§ Work required:
The response must be made up of the lines in the entries below that contain "unfolding".

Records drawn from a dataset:
_ _ _ _ _ _ _

(* For every compact set $K\subset\Omega$, $$H^N(K)=c_\Omega(K),$$ where $$c_\Omega(K)=\inf\Big\{\iint_{Q_T}|\partial_t\psi+\Delta\psi|\,dx\,dt:\ \psi\in C^{2,1}_{\ell,0}(\overline{Q_T}),\ \psi(x,0)\ge1\text{ for all }x\text{ in a neighborhood of }K\Big\}.$$
   Context: $\Omega\subset\mathbb{R}^N$ ($N\ge1$) is a bounded domain, $T>0$, $Q_T=\Omega\times(0,T)$, and $H^N$ is $N$-dimensional Hausdorff measure on $\mathbb{R}^N$. $C^{2,1}_{\ell,0}(\overline{Q_T})$ is the space of functions in $C^{2,1}(\overline{Q_T})$ (twice continuously differentiable in $x$, once in $t$, up to the boundary) vanishing on $\partial\Omega\times[0,T]\cup\overline\Omega\times\{T\}$. *)

theory Defs
  imports "HOL-Analysis.Analysis"
begin

text \<open>Functions on Q_T are written as psi :: 'a => real => real (space variable x, time t).\<close>

definition dt :: "('a \<Rightarrow> real \<Rightarrow> real) \<Rightarrow> 'a \<Rightarrow> real \<Rightarrow> real" where
  "dt psi x t = deriv (\<lambda>s. psi x s) t"

definition dx :: "'a::real_normed_vector \<Rightarrow> ('a \<Rightarrow> real \<Rightarrow> real) \<Rightarrow> 'a \<Rightarrow> real \<Rightarrow> real" where
  "dx i psi x t = deriv (\<lambda>h. psi (x + h *\<^sub>R i) t) 0"

definition laplacian :: "('a::euclidean_space \<Rightarrow> real \<Rightarrow> real) \<Rightarrow> 'a \<Rightarrow> real \<Rightarrow> real" where
  "laplacian psi x t = (\<Sum>i\<in>Basis. dx i (dx i psi) x t)"

definition ext_cont :: "'a::euclidean_space set \<Rightarrow> real \<Rightarrow> ('a \<Rightarrow> real \<Rightarrow> real) \<Rightarrow> bool" where
  "ext_cont Om T f \<longleftrightarrow> (\<exists>g. continuous_on (closure Om \<times> {0..T}) g \<and>
      (\<forall>x\<in>Om. \<forall>t\<in>{0<..<T}. g (x, t) = f x t))"

definition C21 :: "'a::euclidean_space set \<Rightarrow> real \<Rightarrow> ('a \<Rightarrow> real \<Rightarrow> real) \<Rightarrow> bool" where
  "C21 Om T psi \<longleftrightarrow>
     continuous_on (closure Om \<times> {0..T}) (\<lambda>(x, t). psi x t) \<and>
     (\<forall>x\<in>Om. \<forall>t\<in>{0<..<T}.
        (\<exists>D. ((\<lambda>s. psi x s) has_real_derivative D) (at t)) \<and>
        (\<forall>i\<in>Basis. \<exists>D. ((\<lambda>h. psi (x + h *\<^sub>R i) t) has_real_derivative D) (at 0)) \<and>
        (\<forall>i\<in>Basis. \<forall>j\<in>Basis.
           \<exists>D. ((\<lambda>h. dx i psi (x + h *\<^sub>R j) t) has_real_derivative D) (at 0))) \<and>
     ext_cont Om T (dt psi) \<and>
     (\<forall>i\<in>Basis. ext_cont Om T (dx i psi)) \<and>
     (\<forall>i\<in>Basis. \<forall>j\<in>Basis. ext_cont Om T (dx j (dx i psi)))"

definition C21_l0 :: "'a::euclidean_space set \<Rightarrow> real \<Rightarrow> ('a \<Rightarrow> real \<Rightarrow> real) \<Rightarrow> bool" where
  "C21_l0 Om T psi \<longleftrightarrow> C21 Om T psi \<and>
     (\<forall>x\<in>frontier Om. \<forall>t\<in>{0..T}. psi x t = 0) \<and>
     (\<forall>x\<in>closure Om. psi x T = 0)"

definition cap :: "'a::euclidean_space set \<Rightarrow> real \<Rightarrow> 'a set \<Rightarrow> ennreal" where
  "cap Om T K = (INF psi \<in> {psi. C21_l0 Om T psi \<and>
        (\<exists>U. open U \<and> K \<subseteq> U \<and> (\<forall>x\<in>U. psi x 0 \<ge> 1))}.
      \<integral>\<^sup>+ p. indicator (Om \<times> {0<..<T}) p *
              ennreal \<bar>dt psi (fst p) (snd p) + laplacian psi (fst p) (snd p)\<bar> \<partial>lborel)"

end

theory Submission
  imports Defs
begin

text \<open>
  Lower bound. Let \<open>\<psi>\<close> be admissible and let \<open>p = cutoff \<delta>\<close>, a smooth nondecreasing function with
  values in \<open>[0, 1]\<close> vanishing below \<open>\<delta>\<close>, with primitive \<open>P\<close>. Multiplying \<open>\<partial>\<^sub>t \<psi> + \<Delta> \<psi>\<close> by
  \<open>p(\<psi>)\<close> and integrating, the time derivative contributes \<open>-\<integral>\<^sub>\<Omega> P(\<psi>(x, 0)) dx\<close> because
  \<open>\<psi>(\<cdot>, T) = 0\<close>, while integration by parts turns the Laplacian term into
  \<open>-\<integral>\<integral> p'(\<psi>) |\<nabla>\<psi>|\<^sup>2 \<le> 0\<close>; there is no boundary term since \<open>p(\<psi>)\<close> vanishes near \<open>\<partial>\<Omega>\<close>.
  Hence \<open>\<integral>\<^sub>\<Omega> P(\<psi>(x, 0)) dx \<le> \<integral>\<integral> |\<partial>\<^sub>t \<psi> + \<Delta> \<psi>|\<close>, and \<open>P(\<psi>(x, 0)) \<ge> 1 - 3 \<delta> / 2\<close> on \<open>K\<close>.

  Upper bound. Take \<open>\<psi>(x, t) = \<phi>(x) \<eta>(t)\<close>, where \<open>\<phi>\<close> has values in \<open>[0, 1]\<close>, equals \<open>1\<close> near
  \<open>K\<close> and vanishes outside an open \<open>V \<supseteq> K\<close> whose measure is close to that of \<open>K\<close>, and \<open>\<eta>\<close>
  decreases from \<open>1\<close> to \<open>0\<close> on \<open>[0, \<tau>]\<close>. Then
  \<open>\<integral>\<integral> |\<partial>\<^sub>t \<psi> + \<Delta> \<psi>| \<le> |V| + \<tau> |\<Omega>| sup |\<Delta> \<phi>|\<close>, which is close to \<open>|K|\<close> for small \<open>\<tau>\<close>.
\<close>

section \<open>Piecewise polynomial step functions\<close>

lemma DERIV_from_one_sided:
  fixes f :: "real \<Rightarrow> real"
  assumes "(f has_field_derivative D) (at a within {..a})"
    and "(f has_field_derivative D) (at a within {a..})"
  shows "DERIV f a :> D"
proof -
  have "(f has_field_derivative D) (at a within ({..a} \<union> {a..}))"
    using assms unfolding has_field_derivative_def has_derivative_within
    by (auto simp: Lim_within_Un)
  moreover have "{..a} \<union> {a..} = (UNIV :: real set)"
    by auto
  ultimately show ?thesis
    by simp
qed

lemma DERIV_if_le:
  fixes f g :: "real \<Rightarrow> real"
  assumes f: "\<And>x. DERIV f x :> f' x" and g: "\<And>x. DERIV g x :> g' x"
    and "f a = g a" "f' a = g' a"
  shows "DERIV (\<lambda>x. if x \<le> a then f x else g x) x :> (if x \<le> a then f' x else g' x)"
proof -
  consider "x < a" | "x = a" | "x > a"
    by linarith
  then show ?thesis
  proof cases
    case 1
    have "\<forall>\<^sub>F y in nhds x. y \<in> {..<a}"
      by (rule eventually_nhds_in_open) (use 1 in auto)
    then have "DERIV (\<lambda>x. if x \<le> a then f x else g x) x :> f' x \<longleftrightarrow> DERIV f x :> f' x"
      by (intro DERIV_cong_ev) (auto elim!: eventually_mono)
    then show ?thesis
      using f 1 by simp
  next
    case 3
    have "\<forall>\<^sub>F y in nhds x. y \<in> {a<..}"
      by (rule eventually_nhds_in_open) (use 3 in auto)
    then have "DERIV (\<lambda>x. if x \<le> a then f x else g x) x :> g' x \<longleftrightarrow> DERIV g x :> g' x"
      by (intro DERIV_cong_ev) (auto elim!: eventually_mono)
    then show ?thesis
      using g 3 by simp
  next
    case 2
    have "((\<lambda>x. if x \<le> a then f x else g x) has_field_derivative f' a) (at a within {..a})"
      by (rule has_field_derivative_transform_within[where f=f and d=1])
        (use has_field_derivative_at_within[OF f] in auto)
    moreover have "((\<lambda>x. if x \<le> a then f x else g x) has_field_derivative f' a) (at a within {a..})"
      by (rule has_field_derivative_transform_within[where f=g and d=1])
        (use has_field_derivative_at_within[OF g] assms(3,4) in auto)
    ultimately show ?thesis
      using 2 by (simp add: DERIV_from_one_sided)
  qed
qed

definition piecewise3 :: "(real \<Rightarrow> real) \<Rightarrow> (real \<Rightarrow> real) \<Rightarrow> (real \<Rightarrow> real) \<Rightarrow> real \<Rightarrow> real" where
  "piecewise3 f g h v = (if v \<le> 0 then f v else if v \<le> 1 then g v else h v)"

lemma DERIV_piecewise3:
  assumes "\<And>x. DERIV f x :> f' x" "\<And>x. DERIV g x :> g' x" "\<And>x. DERIV h x :> h' x"
    and "f 0 = g 0" "f' 0 = g' 0" "g 1 = h 1" "g' 1 = h' 1"
  shows "DERIV (piecewise3 f g h) v :> piecewise3 f' g' h' v"
  unfolding piecewise3_def[abs_def] using assms
  by (intro DERIV_if_le) auto

lemma continuous_on_piecewise3:
  assumes "continuous_on UNIV f" "continuous_on UNIV g" "continuous_on UNIV h"
    and "f 0 = g 0" "g 1 = h 1"
  shows "continuous_on S (piecewise3 f g h)"
proof -
  have "continuous_on UNIV (\<lambda>v. if v \<le> 1 then g v else h v)"
    using assms by (intro continuous_on_cases_le continuous_on_id) (auto intro: continuous_on_subset)
  then have "continuous_on UNIV (piecewise3 f g h)"
    unfolding piecewise3_def[abs_def] using assms
    by (intro continuous_on_cases_le continuous_on_id) (auto intro: continuous_on_subset)
  then show ?thesis
    by (rule continuous_on_subset) simp
qed

definition smooth_step :: "real \<Rightarrow> real" where
  "smooth_step = piecewise3 (\<lambda>y. 0) (\<lambda>y. 10*y^3 - 15*y^4 + 6*y^5) (\<lambda>y. 1)"

definition smooth_step' :: "real \<Rightarrow> real" where
  "smooth_step' = piecewise3 (\<lambda>y. 0) (\<lambda>y. 30*y^2 - 60*y^3 + 30*y^4) (\<lambda>y. 0)"

definition smooth_step'' :: "real \<Rightarrow> real" where
  "smooth_step'' = piecewise3 (\<lambda>y. 0) (\<lambda>y. 60*y - 180*y^2 + 120*y^3) (\<lambda>y. 0)"

definition smooth_ramp :: "real \<Rightarrow> real" where
  "smooth_ramp = piecewise3 (\<lambda>y. 0) (\<lambda>y. (5/2)*y^4 - 3*y^5 + y^6) (\<lambda>y. y - 1/2)"

lemma DERIV_smooth_ramp: "DERIV smooth_ramp v :> smooth_step v"
  unfolding smooth_ramp_def smooth_step_def
  by (rule DERIV_piecewise3) (auto intro!: derivative_eq_intros simp: algebra_simps)

lemma DERIV_smooth_step: "DERIV smooth_step v :> smooth_step' v"
  unfolding smooth_step_def smooth_step'_def
  by (rule DERIV_piecewise3) (auto intro!: derivative_eq_intros simp: algebra_simps)

lemma DERIV_smooth_step': "DERIV smooth_step' v :> smooth_step'' v"
  unfolding smooth_step'_def smooth_step''_def
  by (rule DERIV_piecewise3) (auto intro!: derivative_eq_intros simp: algebra_simps)

lemma continuous_on_smooth_step:
  "continuous_on S smooth_step" "continuous_on S smooth_step'" "continuous_on S smooth_step''"
  "continuous_on S smooth_ramp"
proof -
  show "continuous_on S smooth_step''"
    unfolding smooth_step''_def by (intro continuous_on_piecewise3 continuous_intros) auto
  show "continuous_on S smooth_step" "continuous_on S smooth_step'" "continuous_on S smooth_ramp"
    using DERIV_isCont[OF DERIV_smooth_step] DERIV_isCont[OF DERIV_smooth_step']
      DERIV_isCont[OF DERIV_smooth_ramp]
    by (auto intro!: continuous_at_imp_continuous_on)
qed

lemma continuous_on_smooth_step_compose[continuous_intros]:
  "continuous_on S f \<Longrightarrow> continuous_on S (\<lambda>y. smooth_step (f y))"
  "continuous_on S f \<Longrightarrow> continuous_on S (\<lambda>y. smooth_step' (f y))"
  "continuous_on S f \<Longrightarrow> continuous_on S (\<lambda>y. smooth_step'' (f y))"
  "continuous_on S f \<Longrightarrow> continuous_on S (\<lambda>y. smooth_ramp (f y))"
  by (auto intro: continuous_on_compose2[OF continuous_on_smooth_step(1)]
      continuous_on_compose2[OF continuous_on_smooth_step(2)]
      continuous_on_compose2[OF continuous_on_smooth_step(3)]
      continuous_on_compose2[OF continuous_on_smooth_step(4)])

lemma smooth_step_outside_unit:
  "v \<le> 0 \<Longrightarrow> smooth_step v = 0" "v \<ge> 1 \<Longrightarrow> smooth_step v = 1"
  "v \<le> 0 \<Longrightarrow> smooth_step' v = 0" "v \<ge> 1 \<Longrightarrow> smooth_step' v = 0"
  "v \<le> 0 \<Longrightarrow> smooth_ramp v = 0" "v \<ge> 1 \<Longrightarrow> smooth_ramp v = v - 1/2"
  by (auto simp: smooth_step_def smooth_step'_def smooth_ramp_def piecewise3_def)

_ _ _ _ _ _ _

§ Answer space:
    using assms unfolding has_field_derivative_def has_derivative_within
  unfolding piecewise3_def[abs_def] using assms
    unfolding piecewise3_def[abs_def] using assms
  unfolding smooth_ramp_def smooth_step_def
  unfolding smooth_step_def smooth_step'_def
  unfolding smooth_step'_def smooth_step''_def
    unfolding smooth_step''_def by (intro continuous_on_piecewise3 continuous_intros) auto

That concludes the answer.